There are two very old blue towels in the bathroom. They sit among a dozen or so newer, fluffier, bigger towels. And if those aren't enough there are many, many more in the linen closet, most of which have never been used.
Yet it is the old blue towels to which I return every morning. They are not the best towels, but they are my towels. I like using them, even though they are in such a state that it would never occur to me to let a guest use them.
The one in the picture has a huge hole in it. Actually, it's almost perfectly rectangular, and the lines of the tear are quite straight. It's as if someone at one point brought scissors to the bathroom and neatly excised a chunk of my towel.

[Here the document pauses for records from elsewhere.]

lemma proper_map_intoI_filterlim_at_top:
  fixes f :: "'a::metric_space \<Rightarrow> 'b::metric_space" and h :: "'b \<Rightarrow> real"
  assumes f: "continuous_on A f" and A: "compact S" "A \<subseteq> S" and h: "continuous_on B h"
    and escape: "\<And>p. p \<in> closure A - A \<Longrightarrow> filterlim (\<lambda>x. h (f x)) at_top (at p within A)"
  shows "proper_map_into f A B"
  unfolding proper_map_into_def
proof (intro allI impI)
  fix K assume K: "K \<subseteq> B \<and> compact K"
  define P where "P = {x \<in> A. f x \<in> K}"
  have "compact (h ` K)"
    using K continuous_on_subset[OF h] by (intro compact_continuous_image) auto
  then have "bdd_above (h ` K)" by (intro bounded_imp_bdd_above compact_imp_bounded)
  then obtain c where c: "\<And>y. y \<in> K \<Longrightarrow> h y \<le> c" by (auto simp: bdd_above_def)
  have "closedin (top_of_set A) (A \<inter> f -` K)"
    using f K compact_imp_closed by (intro continuous_closedin_preimage) auto
  then obtain C where C: "closed C" "P = A \<inter> C"
    unfolding closedin_closed P_def by blast
  have "closure P \<subseteq> P"
  proof
    fix p assume p: "p \<in> closure P"
    have "p \<in> C" using p C closure_minimal[of P C] by auto
    show "p \<in> P"
    proof (rule ccontr)
      assume "p \<notin> P"
      moreover have "p \<in> closure A" using p closure_mono[of P A] by (auto simp: P_def)
      ultimately have pA: "p \<in> closure A - A" using \<open>p \<in> C\<close> C(2) by blast
      have "eventually (\<lambda>x. c + 1 \<le> h (f x)) (at p within A)"
        using escape[OF pA] by (simp add: filterlim_at_top)
      then have "eventually (\<lambda>x. c + 1 \<le> h (f x)) (at p within P)"
        by (rule filter_leD[OF at_le, rotated]) (simp add: P_def)
      moreover have "eventually (\<lambda>x. x \<in> P) (at p within P)"
        by (simp add: eventually_at_filter)
      ultimately have "eventually (\<lambda>x. False) (at p within P)"
        by eventually_elim (use c in \<open>force simp: P_def\<close>)
      then have "p \<notin> closure (P - {p})" unfolding eventually_False at_within_eq_bot_iff .
      moreover have "P - {p} = P" using \<open>p \<notin> P\<close> by blast
      ultimately show False using p by simp
    qed
  qed
  then have "compact (S \<inter> P)"
    using A by (intro compact_Int_closed) (simp_all add: closure_subset_eq)
  moreover have "S \<inter> P = P" using A by (auto simp: P_def)
  ultimately show "compact {x \<in> A. f x \<in> K}" by (simp add: P_def)
qed

lemma filterlim_fst_assoc_map_iff:
  "filterlim (\<lambda>x. fst (assoc_map \<Omega> \<rho> x)) at_top F \<longleftrightarrow>
   filterlim (\<lambda>x. (\<rho> x)\<^sup>2 + (norm (sphere_grad \<rho> \<Omega> x))\<^sup>2) at_top F"
proof
  assume "filterlim (\<lambda>x. fst (assoc_map \<Omega> \<rho> x)) at_top F"
  then show "filterlim (\<lambda>x. (\<rho> x)\<^sup>2 + (norm (sphere_grad \<rho> \<Omega> x))\<^sup>2) at_top F"
    by (rule filterlim_at_top_of_sublevel_bound[where b = "\<lambda>N. exp (N + 1) * (1 + N)"])
      (unfold fst_assoc_map, rule sq_add_le_imp_height_le; simp)
next
  assume "filterlim (\<lambda>x. (\<rho> x)\<^sup>2 + (norm (sphere_grad \<rho> \<Omega> x))\<^sup>2) at_top F"
  then show "filterlim (\<lambda>x. fst (assoc_map \<Omega> \<rho> x)) at_top F"
    by (rule filterlim_at_top_of_sublevel_bound[where b = "\<lambda>M. 8 * M\<^sup>2"])
      (unfold fst_assoc_map, rule height_le_imp_sq_add_le; simp)
qed
lemma qrun_unitaries: "qrun (query_op n ws x) unitaries (unit_vec dim 0) = hadamard_b n ws *\<^sub>v state x k"
proof -
  let ?H = "householder dim (\<lambda>j. (if j = 0 then 1 else 0) - init j)"
  have ks: "[1..<Suc k] = Suc 0 # [Suc 1..<Suc k]" using k by (simp add: upt_conv_Cons)
  have "hadamard_b n ws * ?H *\<^sub>v unit_vec dim 0 = hadamard_b n ws *\<^sub>v state x 0"
    unfolding state_zero dim_def by (rule assoc_mult_mat_vec[OF hadamard_b_carrier householder_carrier]) simp
  then have "query_op n ws x *\<^sub>v (hadamard_b n ws * ?H *\<^sub>v unit_vec dim 0)
      = hadamard_b n ws *\<^sub>v (phase_mat n ws x *\<^sub>v state x 0)"
    using query_op_hadamard_b state_carrier unfolding dim_def by simp
  then have "qrun (query_op n ws x) unitaries (unit_vec dim 0)
      = qrun (query_op n ws x) (map (\<lambda>P. hadamard_b n ws * P * hadamard_b n ws) (map shift [1..<Suc k]))
          (hadamard_b n ws *\<^sub>v (phase_mat n ws x *\<^sub>v state x 0))"
    unfolding unitaries_def ks by (simp del: upt_Suc add: comp_def)
  also have "\<dots> = hadamard_b n ws *\<^sub>v qrun (phase_mat n ws x) (map shift [1..<Suc k]) (phase_mat n ws x *\<^sub>v state x 0)"
    using k state_carrier[of x 0] unfolding dim_def
    by (intro qrun_conj hadamard_b_carrier phase_mat_carrier hadamard_b_involution query_op_hadamard_b)
      (auto simp: shift_def perm_mat_carrier dim_def intro: phase_mat_carrier mult_mat_vec_carrier)
  also have "\<dots> = hadamard_b n ws *\<^sub>v state x k" using qrun_phase_state[of 0] k by simp
  finally show ?thesis .
qed

lemma phase_last:
  assumes b: "\<beta> \<in> branches"
  shows "phase x \<beta> k = (\<Prod>i\<leftarrow>half_vars (fst \<beta>) (snd \<beta>). if x ! i then -1 else 1)"
proof -
  let ?vs = "half_vars (fst \<beta>) (snd \<beta>)"
  have "phase x \<beta> k = (\<Prod>t<k. if t < length ?vs then (if x ! (?vs ! t) then -1 else 1) else 1)"
    unfolding phase_def by (rule prod.cong) (auto simp: phase_sign_def pos_components[OF b])
  also have "\<dots> = (\<Prod>t<length ?vs. if t < length ?vs then (if x ! (?vs ! t) then -1 else 1) else 1)"
    by (rule prod.mono_neutral_right) (auto simp: half_vars_def)
  also have "\<dots> = (\<Prod>t<length ?vs. if x ! (?vs ! t) then -1 else 1)"
    by (rule prod.cong) auto
  finally show ?thesis by (simp add: prod.list_conv_set_nth atLeast0LessThan)
qed

lemma phase_last_power2: "\<beta> \<in> branches \<Longrightarrow> (phase x \<beta> k)\<^sup>2 = 1"
proof -
  have "(\<Prod>i\<leftarrow>is. if x ! i then -1 else 1)\<^sup>2 = (1::real)" for "is"
    by (induction "is") (auto simp: power_mult_distrib)
  then show "\<beta> \<in> branches \<Longrightarrow> (phase x \<beta> k)\<^sup>2 = 1" by (simp add: phase_last)
qed

text \<open>The two halves of a set of size at most \<open>2 k\<close> together contain all of its variables.\<close>

lemma phase_last_mult:
  assumes j: "j < M" and a: "a (e j) \<noteq> 0"
  shows "phase x (j, False) k * phase x (j, True) k = parity (e j) x"
proof -
  have "(j, False) \<in> branches" "(j, True) \<in> branches" using j unfolding branches_def by auto
  moreover have "length (vars j) \<le> 2 * k"
    using deg e_subset[OF j] finite_e[OF j] a unfolding vars_def mpoly_deg_le_def by auto
  then have "half_vars j False = take k (vars j)" "half_vars j True = drop k (vars j)"
    unfolding half_vars_def by simp_all
  ultimately have "phase x (j, False) k * phase x (j, True) k
      = (\<Prod>i\<leftarrow>take k (vars j). if x ! i then -1 else 1) * (\<Prod>i\<leftarrow>drop k (vars j). if x ! i then -1 else 1)"
    by (simp add: phase_last)
  also have "\<dots> = (\<Prod>i\<leftarrow>vars j. if x ! i then -1 else 1)"
    by (metis append_take_drop_id map_append prod_list.append)
  also have "\<dots> = parity (e j) x"
  proof -
    have "distinct (vars j)" "set (vars j) = e j" using finite_e[OF j] unfolding vars_def by simp_all
    then show ?thesis unfolding parity_def by (metis prod.distinct_set_conv_list)
  qed
  finally show ?thesis .
qed

lemma accepting_subset: "accepting \<subseteq> {0..<dim}"
proof -
  have "qidx ws 0 False (2 * j) < dim" if "j < M" for j
    unfolding dim_def by (rule qidx_lt) (use n that in \<open>auto simp: ws_def\<close>)
  then show ?thesis unfolding accepting_def by (auto simp: qidx_def)
qed

lemma final_amp:
  assumes j: "j < M"
  shows "(hadamard_b n ws *\<^sub>v state x k) $ (2 * j) =
    complex_of_real ((amp0 (j, False) * phase x (j, False) k + amp0 (j, True) * phase x (j, True) k) / sqrt 2)"
proof -
  have z: "2 * j < ws" using j unfolding ws_def by simp
  have r: "qidx ws 0 False (2 * j) = 2 * j" by (simp add: qidx_def)
  have c: "qidx_i ws (2 * j) = 0" "\<not> qidx_b ws (2 * j)" "qidx_z ws (2 * j) = 2 * j"
    using qidx_components[OF z, of 0 False] unfolding r by simp_all
  have "2 * j < qdim n ws" using qidx_lt[of 0 n "2 * j" ws False] n z r by simp
  then have "(hadamard_b n ws *\<^sub>v state x k) $ (2 * j)
      = (state x k $ pos (j, False) k + state x k $ pos (j, True) k) / complex_of_real (sqrt 2)"
    using hadamard_b_vec[of "state x k" n ws "2 * j"] state_carrier c unfolding dim_def pos_last by simp
  moreover have "state x k $ pos \<beta> k = complex_of_real (amp0 \<beta> * phase x \<beta> k)" if "\<beta> \<in> branches" for \<beta>
  proof -
    have "amp x k (pos \<beta> k) = amp0 \<beta> * phase x \<beta> k"
      unfolding amp_def
      using sum_if_inj_eq[OF finite_branches pos_inj[OF order_refl] that, of "\<lambda>\<beta>'. amp0 \<beta>' * phase x \<beta>' k"]
      by simp
    then show ?thesis using pos_lt[OF that, of k] unfolding state_def by simp
  qed
  moreover have "(j, False) \<in> branches" "(j, True) \<in> branches" using j unfolding branches_def by auto
  ultimately show ?thesis by (simp add: add_divide_distrib)
qed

That, of course, has not stopped me from using the towel. If anything, it has made me even more committed to using it, knowing that at some point that rectangular gap may widen, or even tear apart the whole towel. And that will be the end of it, because as much as I love that towel, I will not love it when it is the size of a dishtowel. I have very few requirements in this area, but one is an easy two-handed buff of my wide, wet butt.

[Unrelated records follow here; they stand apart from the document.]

lemma index_append_rows:
  assumes "A \<in> carrier_mat nr1 nc" "B \<in> carrier_mat nr2 nc" "i < nr1 + nr2" "j < nc"
  shows "(A @\<^sub>r B) $$ (i, j) = (if i < nr1 then A $$ (i, j) else B $$ (i - nr1, j))"
  using assms unfolding append_rows_def by auto

lemma carrier_append_rows3:
  "A \<in> carrier_mat d1 n \<Longrightarrow> B \<in> carrier_mat d2 n \<Longrightarrow> P \<in> carrier_mat m n \<Longrightarrow>
    A @\<^sub>r B @\<^sub>r P \<in> carrier_mat (d1 + d2 + m) n"
  by (metis add.assoc carrier_append_rows)

lemma index_append_rows3:
  assumes A: "A \<in> carrier_mat d1 n" and B: "B \<in> carrier_mat d2 n" and P: "P \<in> carrier_mat m n"
    and q: "q < d1 + d2 + m" and j: "j < n"
  shows "(A @\<^sub>r B @\<^sub>r P) $$ (q, j) = (if q < d1 then A $$ (q, j)
    else if q < d1 + d2 then B $$ (q - d1, j) else P $$ (q - d1 - d2, j))"
  using index_append_rows[OF A carrier_append_rows[OF B P], of q j]
    index_append_rows[OF B P, of "q - d1" j] q j by auto

lemma elements_mat_subsetI:
  "(\<And>i j. i < dim_row M \<Longrightarrow> j < dim_col M \<Longrightarrow> M $$ (i, j) \<in> K) \<Longrightarrow> elements_mat M \<subseteq> K"
  by (blast dest: elements_matD)

lemma elements_mat_subsetD:
  "elements_mat M \<subseteq> K \<Longrightarrow> i < dim_row M \<Longrightarrow> j < dim_col M \<Longrightarrow> M $$ (i, j) \<in> K"
  unfolding elements_mat_def by force
lemma finite_simple: "finite \<Delta>"
  using independent_simple finiteI_independent by auto

lemma root_nonzero: "\<gamma> \<in> \<Phi> \<Longrightarrow> \<gamma> \<noteq> 0"
  using zero_notin_roots by auto

lemma root_inner_self_pos: "\<gamma> \<in> \<Phi> \<Longrightarrow> \<gamma> \<bullet> \<gamma> > 0"
  using zero_notin_roots by auto

lemma uminus_root: "\<gamma> \<in> \<Phi> \<Longrightarrow> - \<gamma> \<in> \<Phi>"
proof -
  assume "\<gamma> \<in> \<Phi>"
  moreover from this have "rs_refl \<gamma> \<gamma> = - \<gamma>"
    using root_inner_self_pos by (simp add: rs_refl_def scaleR_2)
  ultimately show ?thesis using rs_refl_root by metis
qed

lemma root_integral_combination:
  assumes "\<gamma> \<in> \<Phi>"
  obtains f :: "'a \<Rightarrow> int" where "\<gamma> = (\<Sum>\<delta>\<in>\<Delta>. of_int (f \<delta>) *\<^sub>R \<delta>)"
    "(\<forall>\<delta>\<in>\<Delta>. f \<delta> \<ge> 0) \<or> (\<forall>\<delta>\<in>\<Delta>. f \<delta> \<le> 0)"
  using basis assms unfolding rs_basis_def by blast

lemma span_simple: "span \<Delta> = UNIV"
proof -
  have "\<Phi> \<subseteq> span \<Delta>"
  proof
    fix \<gamma> assume "\<gamma> \<in> \<Phi>"
    then obtain f :: "'a \<Rightarrow> int" where "\<gamma> = (\<Sum>\<delta>\<in>\<Delta>. of_int (f \<delta>) *\<^sub>R \<delta>)"
      by (rule root_integral_combination)
    then show "\<gamma> \<in> span \<Delta>" by (simp add: span_sum span_scale span_base)
  qed
  then show ?thesis using span_roots span_minimal by blast
qed

lemma in_span_simple [simp]: "x \<in> span \<Delta>"
  using span_simple by auto

lemma coord_add: "coord (x + y) d = coord x d + coord y d"
  and coord_diff: "coord (x - y) d = coord x d - coord y d"
  and coord_uminus: "coord (- x) d = - coord x d"
  and coord_scaleR: "coord (a *\<^sub>R x) d = a * coord x d"
  and coord_zero: "coord 0 d = 0"
  unfolding coord_def
  by (simp_all add: representation_add representation_diff representation_neg
      representation_scale representation_zero independent_simple)

lemma coord_simple: "e \<in> \<Delta> \<Longrightarrow> coord e d = (if d = e then 1 else 0)"
  unfolding coord_def by (simp add: representation_basis[OF independent_simple])
lemma sum_power_diff_quotients_roots_of_unity:
  fixes \<zeta> y :: "'a::field"
  assumes l: "0 < l" and \<zeta>: "\<zeta> ^ l = 1" "\<forall>k. 0 < k \<and> k < l \<longrightarrow> \<zeta> ^ k \<noteq> 1"
  shows "(\<Sum>k<l. \<Sum>i<l. (\<zeta> ^ k) ^ (l - Suc i) * y ^ i) = of_nat l * y ^ (l - 1)"
proof -
  have orthogonality: "(\<Sum>k<l. (\<zeta> ^ (l - Suc i)) ^ k) = (if i = l - 1 then of_nat l else 0)"
    if i: "i < l" for i
  proof (cases "i = l - 1")
    case False
    then have "\<zeta> ^ (l - Suc i) \<noteq> 1" using \<zeta>(2) i by auto
    moreover have "(\<zeta> ^ (l - Suc i)) ^ l = 1" using \<zeta>(1) by (metis power_mult mult.commute power_one)
    ultimately show ?thesis using False by (simp add: sum_gp_strict)
  qed simp
  have "(\<Sum>k<l. \<Sum>i<l. (\<zeta> ^ k) ^ (l - Suc i) * y ^ i)
      = (\<Sum>i<l. y ^ i * (\<Sum>k<l. (\<zeta> ^ (l - Suc i)) ^ k))"
    unfolding sum_distrib_left by (subst sum.swap) (simp add: mult.commute flip: power_mult)
  also have "\<dots> = (\<Sum>i<l. if i = l - 1 then y ^ i * of_nat l else 0)"
    by (rule sum.cong) (auto simp: orthogonality)
  finally show ?thesis using l by (simp add: mult.commute)
qed

locale subfield_carrier =
  fixes F :: "'a::field set"
  assumes is_subfield: "is_subfield F"
begin

lemma zero_closed[simp]: "0 \<in> F" and one_closed[simp]: "1 \<in> F"
  and add_closed[simp]: "x \<in> F \<Longrightarrow> y \<in> F \<Longrightarrow> x + y \<in> F"
  and mult_closed[simp]: "x \<in> F \<Longrightarrow> y \<in> F \<Longrightarrow> x * y \<in> F"
  and uminus_closed[simp]: "x \<in> F \<Longrightarrow> - x \<in> F"
  and inverse_closed[simp]: "x \<in> F \<Longrightarrow> inverse x \<in> F"
  using is_subfield unfolding is_subfield_def by auto

lemma diff_closed[simp]: "x \<in> F \<Longrightarrow> y \<in> F \<Longrightarrow> x - y \<in> F"
  by (metis add_closed uminus_closed diff_conv_add_uminus)

lemma divide_closed[simp]: "x \<in> F \<Longrightarrow> y \<in> F \<Longrightarrow> x / y \<in> F"
  by (simp add: divide_inverse)

lemma power_closed[simp]: "x \<in> F \<Longrightarrow> x ^ n \<in> F"
  by (induction n) auto

lemma of_nat_closed[simp]: "of_nat n \<in> F"
  by (induction n) auto

end

locale valued_field = subfield_carrier F for F :: "'a::field set" +
  fixes w :: "'a \<Rightarrow> int"
  assumes normalized_valuation: "normalized_valuation F w"
begin

lemma val_mult: "x \<in> F \<Longrightarrow> y \<in> F \<Longrightarrow> x \<noteq> 0 \<Longrightarrow> y \<noteq> 0 \<Longrightarrow> w (x * y) = w x + w y"
  using normalized_valuation unfolding normalized_valuation_def by auto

Not having the blue towels would be distressing, though. It would be like sitting in a different chair at the table or the wrong spot of the couch in the living room. It would be nearly as difficult as trying to fall asleep on the wrong side of the bed.
I don't think of myself as a creature of habit, but maybe that's one more time I am kidding myself. I don't really know why I feel so strongly that it's the old blue towels or no towels. It may go back to my childhood when I couldn't get to sleep without my blanket, not the one you pull over your shoulders, but the little one I had had since I was an infant. The one I called "my banky" long after I had stopped baby talk.
I'm not sure how old I was when my parents finally broke me of that habit, but I was old enough that I can still remember when I needed that blanket in my hand as I went to bed. I will have to ask my mother how she broke me of the habit. It would be spooky to find out she cut a rectangular hole in it.